Jurkat e 6.1 cells

A reporter cell line for Nuclear Factor of Activated T-cells (NFAT) signaling was generated from Jurkat E6.1 cells (Sigma) transduced with Cignal Lenti NFAT Reporter virus (Qiagen) using SureENTRY Transduction reagent (Qiagen). Transduced cells were selected with puromycin then single cell cloned. A clonal pathway reporter cell line, JNL10, was selected on the basis of its responsiveness to stimulation with plate-bound mouse anti-human CD3 antibody (Clone OKT3, eBioscience, RRID:AB_467057).
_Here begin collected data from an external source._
theorem lemma1:
  fixes V1 V2 :: "'a set" and E1 E2 :: "'a set set" and v :: 'a
  assumes "TRVG V1 E1" and "TRVG V2 E2"
    and "V1 \<inter> V2 = {v}"
    and "\<exists>r1. trvg_rep V1 E1 r1 \<and>
           ((\<forall>w\<in>V1 - {v}. \<not> sees_h (r1 v) (r1 w)) \<or> (\<forall>w\<in>V1 - {v}. \<not> sees_v (r1 v) (r1 w)))"
    and "\<exists>r2. trvg_rep V2 E2 r2 \<and>
           ((\<forall>w\<in>V2 - {v}. \<not> sees_h (r2 v) (r2 w)) \<or> (\<forall>w\<in>V2 - {v}. \<not> sees_v (r2 v) (r2 w)))"
  shows "TRVG (V1 \<union> V2) (E1 \<union> E2)"
proof -
  have sg: "simple_graph V1 E1" "simple_graph V2 E2"
    using assms(1,2) unfolding TRVG_def by blast+
  obtain r1 where r1: "trvg_rep V1 E1 r1" "h_isolated r1 V1 v"
    using ex_h_isolated_trvg_rep[OF assms(4)[folded h_isolated_def v_isolated_def]] by blast
  obtain r2 where r2: "trvg_rep V2 E2 r2" "v_isolated r2 V2 v"
    using ex_v_isolated_trvg_rep[OF assms(5)[folded h_isolated_def v_isolated_def]] by blast
  interpret trvg_gluing V1 V2 E1 E2 r1 r2 v
    using r1 r2 assms(3) by unfold_locales
  have "trvg_rep (V1 \<union> V2) (E1 \<union> E2) glued"
    using trvg_rep_glued_V1 trvg_rep_glued_V2 simple_graph_edges_subset[OF sg(1)]
      simple_graph_edges_subset[OF sg(2)] glued_apart
    by (rule trvg_rep_Un)
  then show ?thesis
    using simple_graph_Un[OF sg] unfolding TRVG_def by blast
qed

end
To assess CAR signaling activity, JNL10 reporter cells were electroporated with CAR constructs using a Bio-Rad GenePulser and cultured at 37°C overnight in a 12-well plate. The next day, electroporated JNL10 cells were activated with target cells by incubating at approximately 1:1 ratio in 100-μL culture medium in a 96-well plate for 5 hours at 37°C. NFAT-mediated signaling was monitored by the subsequent addition of Luciferase substrate (Bright-Glo, Promega or BriteLite, PerkinElmer) and measuring relative luminescence units using a plate reader. Target cells with and without electroporated JNL10 cells were used as the background control. Percentage of CAR expression on JNL10 cells was measured in parallel by staining with PE-conjugated anti-FLAG antibody (BioLegend, RRID:AB_2563147).